Jan
7
The list is long as I get caught up on the surfing I didn’t do over the holidays, so I’ve broken it in two.
- Five tests for newspaper blogs. Martin Stabe passes along an oh-so-practical short test for newspaper blogging. Short-form: if it doesn’t add anything and you don’t give reporters the time to do it, kill the idea.
- Press Freedom Round-up 2006. The subhead at the Reporters Without Borders site tells the tale: The deadliest year since 1994.
- Swamis Predict More Media Shifting in ‘07. Mark Glaser has an entertaining round-up on some media-related predictions — none of them startling — for the year.
- PEJ to Launch the News Coverage Index. An interesting initiative from the Project for Excellence in Journalism: tracking what’s being covered, and not being covered, and regularly reporting on what the press is doing, and how well it reflects the interests of the public.

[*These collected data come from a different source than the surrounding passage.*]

(* Let $\alpha\in(0,1)$ be irrational and let $w\in W_\alpha$. Then there exist $t\in\mathbb{N}$, a (possibly empty) suffix $x$ of $s_t$ or of $s_{t-1}$, and a (possibly empty) prefix $y$ of $s_{t+1}$ such that $w=xy$.
   Context: Let $\alpha=[a_1,a_2,\dots]$ be the continued fraction expansion of $\alpha$. Define words over $\{0,1\}$ by $s_{-1}=1$, $s_0=0$, $s_1=s_0^{a_1-1}s_{-1}$, $s_n=s_{n-1}^{a_n}s_{n-2}$ for $n\ge2$. For $\theta\in[0,1)$, $v_{\alpha,\theta}$ is the two-sided infinite word with letters $v_{\alpha,\theta}(n)=\chi_{[1-\alpha,1)}(n\alpha+\theta\bmod1)$, $n\in\mathbb{Z}$; $W_\alpha$ is the set of all finite non-empty subwords of the words $v_{\alpha,\theta}$, $\theta\in[0,1)$. $\mathbb{N}=\{1,2,\dots\}$. *)

theory Defs
  imports Complex_Main "HOL-Library.Sublist"
begin

text \<open>Continued fraction expansion of \<alpha> \<in> (0,1): \<alpha> = [0; a_1, a_2, ...] = 1/(a_1 + 1/(a_2 + ...)).
  cf_rem \<alpha> n is the n-th iterate of the Gauss map, cf_rem \<alpha> 0 = \<alpha>;
  cf_pq \<alpha> k = a_k (k \<ge> 1).\<close>
fun cf_rem :: "real \<Rightarrow> nat \<Rightarrow> real" where
  "cf_rem \<alpha> 0 = \<alpha>"
| "cf_rem \<alpha> (Suc n) = frac (1 / cf_rem \<alpha> n)"

definition cf_pq :: "real \<Rightarrow> nat \<Rightarrow> nat" where
  "cf_pq \<alpha> k = nat \<lfloor>1 / cf_rem \<alpha> (k - 1)\<rfloor>"

text \<open>Standard words, index-shifted: sw \<alpha> (k+1) = s_k for k \<ge> -1.\<close>
fun sw :: "real \<Rightarrow> nat \<Rightarrow> nat list" where
  "sw \<alpha> 0 = [1]"
| "sw \<alpha> (Suc 0) = [0]"
| "sw \<alpha> (Suc (Suc 0)) = concat (replicate (cf_pq \<alpha> 1 - 1) [0]) @ [1]"
| "sw \<alpha> (Suc (Suc (Suc n))) =
     concat (replicate (cf_pq \<alpha> (n + 2)) (sw \<alpha> (Suc (Suc n)))) @ sw \<alpha> (Suc n)"
(* Let $p$ be a prime, $a_1,a_2,a_3\in\mathbb{F}_p$, $s = 3+a_1+a_2+a_3$, and for $k\in\{1,2,3\}$ let $m_k:\mathbb{F}_p^3\to\mathbb{F}_p^3$ replace $x_k$ by $-x_k + s x_{k-1}x_{k+1} - a_{k+1}x_{k-1} - a_{k-1}x_{k+1}$ (indices modulo $3$), leaving the other two coordinates unchanged. If $x,y \in \mathbb{F}_p^3$ and $i \neq j$ satisfy $m_i x = y$ and $m_j x = y$, then $x = y$. *)

theory Defs
  imports "HOL-Analysis.Finite_Cartesian_Product" "HOL-Library.Numeral_Type"
    "HOL-Computational_Algebra.Primes"
begin

text \<open>Points of F_p^3 are vectors indexed by the type 3 (integers mod 3), so that
  index arithmetic k-1, k+1 is automatically modulo 3. The coefficients a_1,a_2,a_3
  are likewise a vector indexed by 3.\<close>

definition sval :: "'a::field ^ 3 \<Rightarrow> 'a" where
  "sval a = 3 + a $ 1 + a $ 2 + a $ 3"

definition mmove :: "'a::field ^ 3 \<Rightarrow> 3 \<Rightarrow> 'a ^ 3 \<Rightarrow> 'a ^ 3" where
  "mmove a k x = (\<chi> i. if i = k then
       - x $ k + sval a * x $ (k - 1) * x $ (k + 1)
       - a $ (k + 1) * x $ (k - 1) - a $ (k - 1) * x $ (k + 1)
     else x $ i)"

end

theory Submission
  imports Defs
begin

lemma mmove_nth_other:
  assumes "i \<noteq> k"
  shows "mmove a k x $ i = x $ i"
  using assms by (simp add: mmove_def)

text \<open>Each move only alters its own coordinate, so two different moves with a common result
  can alter none.\<close>

theorem proposition1p3:
  fixes p :: nat and a x y :: "'a::{field,finite} ^ 3" and i j :: 3
  assumes "prime p" and "CARD('a) = p"
    and "i \<noteq> j" and "mmove a i x = y" and "mmove a j x = y"
  shows "x = y"
proof (rule vec_eq_iff[THEN iffD2], intro allI)
  fix k :: 3
  have "k \<noteq> i \<or> k \<noteq> j"
    using \<open>i \<noteq> j\<close> by blast
  then show "x $ k = y $ k"
    using mmove_nth_other \<open>mmove a i x = y\<close> \<open>mmove a j x = y\<close> by metis
qed

end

- A ‘good enough’ replacement for journalism? Steve Yelvington ponders a lesson from the early days of the internet and what it means for journalism. He also suggests that we in media-related fields may be asking the wrong question.
- Reflections of a newsosaur. Alan Mutter is one of the best media bloggers when it comes to digging into, and putting context to, the financial numbers. His last four posts, Size Does Matter, Feet on the Street in Philly, Shaken but not Stirred, and Vaporized: $13.5B in news stock value, give a depressing view of what’s happening to the newspaper industry. If you haven’t already done so, bookmark this guy.